Download the data file


In [4]:
!wget https://cf-courses-data.s3.us.cloud-object-storage.appdomain.cloud/IBM-BD0231EN-SkillsNetwork/datasets/drybeans.csv


--2023-10-31 21:53:07--  https://cf-courses-data.s3.us.cloud-object-storage.appdomain.cloud/IBM-BD0231EN-SkillsNetwork/datasets/drybeans.csv
Resolving cf-courses-data.s3.us.cloud-object-storage.appdomain.cloud (cf-courses-data.s3.us.cloud-object-storage.appdomain.cloud)... 169.45.118.108
Connecting to cf-courses-data.s3.us.cloud-object-storage.appdomain.cloud (cf-courses-data.s3.us.cloud-object-storage.appdomain.cloud)|169.45.118.108|:443... connected.
HTTP request sent, awaiting response... 200 OK
Length: 2484759 (2.4M) [text/csv]
Saving to: ‘drybeans.csv’


2023-10-31 21:53:27 (138 KB/s) - ‘drybeans.csv’ saved [2484759/2484759]

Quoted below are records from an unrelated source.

lemma subspace_uce_rels: "FS.subspace (uce_rels sc br al)"
  unfolding uce_rels_def by (rule FS.subspace_span)

lemma uce_rels_finite_support: "r \<in> uce_rels sc br al \<Longrightarrow> finite_support r"
  using span_finite_support[OF uce_generators_finite_support] unfolding uce_rels_def by blast

lemma push_uce_rels:
  assumes "hl_hom sc1 br1 al1 sc2 br2 al2 g"
  shows "push g ` uce_rels sc1 br1 al1 \<subseteq> uce_rels sc2 br2 al2"
  unfolding uce_rels_def
  using linear_on_fs_image_span[OF linear_on_fs_push[of g] uce_generators_finite_support[of sc1 al1 br1]]
    FS.span_mono[OF push_uce_generators[OF assms]] by simp

lemma uce_class_self: "f \<in> uce_class sc br al f"
  using FS.subspace_0[OF subspace_uce_rels] by (simp add: uce_class_def)

lemma uce_class_eq_iff:
  "uce_class sc br al f = uce_class sc br al h \<longleftrightarrow> f - h \<in> uce_rels sc br al"
proof
  assume "uce_class sc br al f = uce_class sc br al h"
  then have "f \<in> uce_class sc br al h" using uce_class_self by metis
  then show "f - h \<in> uce_rels sc br al" by (simp add: uce_class_def)
next
  assume fh: "f - h \<in> uce_rels sc br al"
  have "k - f \<in> uce_rels sc br al \<longleftrightarrow> k - h \<in> uce_rels sc br al" for k
  proof
    assume "k - f \<in> uce_rels sc br al"
    from FS.subspace_add[OF subspace_uce_rels this fh] show "k - h \<in> uce_rels sc br al" by simp
  next
    assume "k - h \<in> uce_rels sc br al"
    from FS.subspace_diff[OF subspace_uce_rels this fh] show "k - f \<in> uce_rels sc br al" by simp
  qed
  then show "uce_class sc br al f = uce_class sc br al h"
    by (simp add: uce_class_def)
qed

lemma uce_map_uce_class:
  assumes g: "hl_hom sc1 br1 al1 sc2 br2 al2 g" and f: "finite_support f"
  shows "uce_map sc2 br2 al2 g (uce_class sc1 br1 al1 f) = uce_class sc2 br2 al2 (push g f)"
proof -
  define f' where "f' = (SOME f'. f' \<in> uce_class sc1 br1 al1 f)"
  have "f' \<in> uce_class sc1 br1 al1 f"
    unfolding f'_def by (rule someI[of _ f]) (rule uce_class_self)
  then have r: "f' - f \<in> uce_rels sc1 br1 al1" by (simp add: uce_class_def)
  then have "finite_support f'"
    using finite_support_add[OF uce_rels_finite_support[OF r] f] by simp
  then have "push g f' - push g f = push g (f' - f)" using f by simp
  also have "\<dots> \<in> uce_rels sc2 br2 al2" using push_uce_rels[OF g] r by blast
  finally show ?thesis
    unfolding uce_map_def f'_def[symmetric] by (simp add: uce_class_eq_iff)
qed

lemma hom_leibniz_module: "hom_leibniz sc br al \<Longrightarrow> module sc"
  unfolding hom_leibniz_def module_iff_vector_space by blast

lemma alpha_perfect_subspace_eq_UNIV:
  assumes "alpha_perfect sc br al" "module sc" "module.subspace sc S"
    and "\<And>x y. br (al x) (al y) \<in> S"
  shows "S = UNIV"
proof -
  have "module.span sc {br (al x) (al y) | x y. True} \<subseteq> S"
    by (rule module.span_minimal[OF assms(2) _ assms(3)]) (use assms(4) in auto)
  then show ?thesis using assms(1) unfolding alpha_perfect_def by blast
qed

lemma alpha_perfect_surj:
  assumes hl: "hom_leibniz sc br al" and perfect: "alpha_perfect sc br al"
  shows "surj al"
proof (rule alpha_perfect_subspace_eq_UNIV[OF perfect hom_leibniz_module[OF hl]])
  have "module_hom sc sc al"
    using hl by (simp add: hom_leibniz_def linear_iff_module_hom)
  then show "module.subspace sc (range al)"
    using module_hom.subspace_image module.subspace_UNIV hom_leibniz_module[OF hl] by blast
  show "br (al x) (al y) \<in> range al" for x y
    using hl unfolding hom_leibniz_def by (metis rangeI)
qed

lemma bilin_rels_memI:
  assumes "surj al"
  shows "delta (a + a') b - delta a b - delta a' b \<in> bilin_rels sc al"
    and "delta a (b + b') - delta a b - delta a b' \<in> bilin_rels sc al"
    and "delta (sc c a) b - fsmult c (delta a b) \<in> bilin_rels sc al"
    and "delta a (sc c b) - fsmult c (delta a b) \<in> bilin_rels sc al"
  unfolding bilin_rels_def
  by ((intro UnI1; force simp: assms) | (rule UnI1, rule UnI1, rule UnI2; force simp: assms)
      | (rule UnI1, rule UnI2; force simp: assms) | (rule UnI2; force simp: assms))+

lemma free_sp_finite_support: "f \<in> free_sp al \<Longrightarrow> finite_support f"
proof -
  have "{delta (al x) (al y) | x y. True} \<subseteq> {f. finite_support f}" by auto
  from span_finite_support[OF this] show "f \<in> free_sp al \<Longrightarrow> finite_support f"
    unfolding free_sp_def by blast
qed

lemma delta_zero_left_uce_rels:
  assumes "surj al"
  shows "delta 0 b \<in> uce_rels sc br al"
proof -
  have "delta (0 + 0) b - delta 0 b - delta 0 b \<in> uce_rels sc br al"
    using bilin_rels_memI(1)[OF assms] FS.span_base unfolding uce_rels_def by blast
  from FS.subspace_neg[OF subspace_uce_rels this] show ?thesis by simp
qed

lemma subspace_delta_left:
  assumes M: "module sc" and al: "surj al" and T: "FS.subspace T" and rels: "bilin_rels sc al \<subseteq> T"
  shows "module.subspace sc {u. delta u w \<in> T}"
proof (rule module.subspaceI[OF M])
  have "- (delta (0 + 0) w - delta 0 w - delta 0 w) \<in> T"
    using FS.subspace_neg[OF T] rels bilin_rels_memI(1)[OF al] by blast
  then show "0 \<in> {u. delta u w \<in> T}" by simp
next
  fix x y assume "x \<in> {u. delta u w \<in> T}" "y \<in> {u. delta u w \<in> T}"
  moreover have "delta (x + y) w - delta x w - delta y w \<in> T"
    using rels bilin_rels_memI(1)[OF al] by blast
  ultimately have "(delta (x + y) w - delta x w - delta y w) + delta x w + delta y w \<in> T"
    by (intro FS.subspace_add[OF T]) simp_all
  then show "x + y \<in> {u. delta u w \<in> T}" by simp
next
  fix c x assume "x \<in> {u. delta u w \<in> T}"
  moreover have "delta (sc c x) w - fsmult c (delta x w) \<in> T"
    using rels bilin_rels_memI(3)[OF al] by blast
  ultimately have "(delta (sc c x) w - fsmult c (delta x w)) + fsmult c (delta x w) \<in> T"
    by (intro FS.subspace_add[OF T] FS.subspace_scale[OF T]) simp_all
  then show "sc c x \<in> {u. delta u w \<in> T}" by simp
qed

lemma subspace_delta_right:
  assumes M: "module sc" and al: "surj al" and T: "FS.subspace T" and rels: "bilin_rels sc al \<subseteq> T"
  shows "module.subspace sc {u. delta w u \<in> T}"
proof (rule module.subspaceI[OF M])
  have "- (delta w (0 + 0) - delta w 0 - delta w 0) \<in> T"
    using FS.subspace_neg[OF T] rels bilin_rels_memI(2)[OF al] by blast
  then show "0 \<in> {u. delta w u \<in> T}" by simp
next
  fix x y assume "x \<in> {u. delta w u \<in> T}" "y \<in> {u. delta w u \<in> T}"
  moreover have "delta w (x + y) - delta w x - delta w y \<in> T"
    using rels bilin_rels_memI(2)[OF al] by blast
  ultimately have "(delta w (x + y) - delta w x - delta w y) + delta w x + delta w y \<in> T"
    by (intro FS.subspace_add[OF T]) simp_all
  then show "x + y \<in> {u. delta w u \<in> T}" by simp
next
  fix c x assume "x \<in> {u. delta w u \<in> T}"
  moreover have "delta w (sc c x) - fsmult c (delta w x) \<in> T"
    using rels bilin_rels_memI(4)[OF al] by blast
  ultimately have "(delta w (sc c x) - fsmult c (delta w x)) + fsmult c (delta w x) \<in> T"
    by (intro FS.subspace_add[OF T] FS.subspace_scale[OF T]) simp_all
  then show "sc c x \<in> {u. delta w u \<in> T}" by simp
qed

Load the dataset into the spark dataframe


In [5]:

# Load mpg dataset
beans_data = spark.read.csv("drybeans.csv", header=True, inferSchema=True)


Print the schema of the dataset


In [6]:
beans_data.printSchema()

root
 |-- Area: integer (nullable = true)
 |-- Perimeter: double (nullable = true)
 |-- MajorAxisLength: double (nullable = true)
 |-- MinorAxisLength: double (nullable = true)
 |-- AspectRation: double (nullable = true)
 |-- Eccentricity: double (nullable = true)
 |-- ConvexArea: integer (nullable = true)
 |-- EquivDiameter: double (nullable = true)
 |-- Extent: double (nullable = true)
 |-- Solidity: double (nullable = true)
 |-- roundness: double (nullable = true)
 |-- Compactness: double (nullable = true)
 |-- ShapeFactor1: double (nullable = true)
 |-- ShapeFactor2: double (nullable = true)
 |-- ShapeFactor3: double (nullable = true)
 |-- ShapeFactor4: double (nullable = true)
 |-- Class: string (nullable = true)



Print top 5 rows of selected columns from the dataset


In [7]:
beans_data.select(["Area","Perimeter","Solidity","roundness","Compactness","Class"]).show(5)

+-----+---------+-----------+-----------+-----------+-----+
| Area|Perimeter|   Solidity|  roundness|Compactness|Class|
+-----+---------+-----------+-----------+-----------+-----+
|28395|  610.291|0.988855999|0.958027126|0.913357755|SEKER|
|28734|  638.018|0.984985603|0.887033637|0.953860842|SEKER|
|29380|   624.11|0.989558774|0.947849473|0.908774239|SEKER|
|30008|  645.884|0.976695743|0.903936374|0.928328835|SEKER|
|30140|  620.134| 0.99089325|0.984877069|0.970515523|SEKER|
+-----+---------+-----------+-----------+-----------+-----+
only showing top 5 rows



Print the value counts for the column 'Class'


In [8]:
beans_data.groupBy('Class').count().orderBy('count').show()

+--------+-----+
|   Class|count|
+--------+-----+
|  BOMBAY|  522|
|BARBUNYA| 1322|
|    CALI| 1630|
|   HOROZ| 1928|
|   SEKER| 2027|
|    SIRA| 2636|
|DERMASON| 3546|
+--------+-----+



Convert the string column "Class" into a numberic column named "Label"


In [9]:
# Convert Class column from string to numerical values
indexer = StringIndexer(inputCol="Class", outputCol="label")
beans_data = indexer.fit(beans_data).transform(beans_data)


Print the value counts for the column 'label'


In [10]:
beans_data.groupBy('label').count().orderBy('count').show()

+-----+-----+
|label|count|
+-----+-----+
|  6.0|  522|
|  5.0| 1322|
|  4.0| 1630|
|  3.0| 1928|
|  2.0| 2027|
|  1.0| 2636|
|  0.0| 3546|
+-----+-----+



## Task 3 - Identify the label column and the input columns


We ask the VectorAssembler to group a bunch of inputCols as single column named "features"


Use "Area","Perimeter","Solidity","roundness","Compactness" as input columns


In [11]:
# Prepare feature vector
assembler = VectorAssembler(inputCols=["Area","Perimeter","Solidity","roundness","Compactness"], outputCol="features")
beans_transformed_data = assembler.transform(beans_data)


Display the assembled "features" and the label column "MPG"


In [12]:
beans_transformed_data.select("features","label").show()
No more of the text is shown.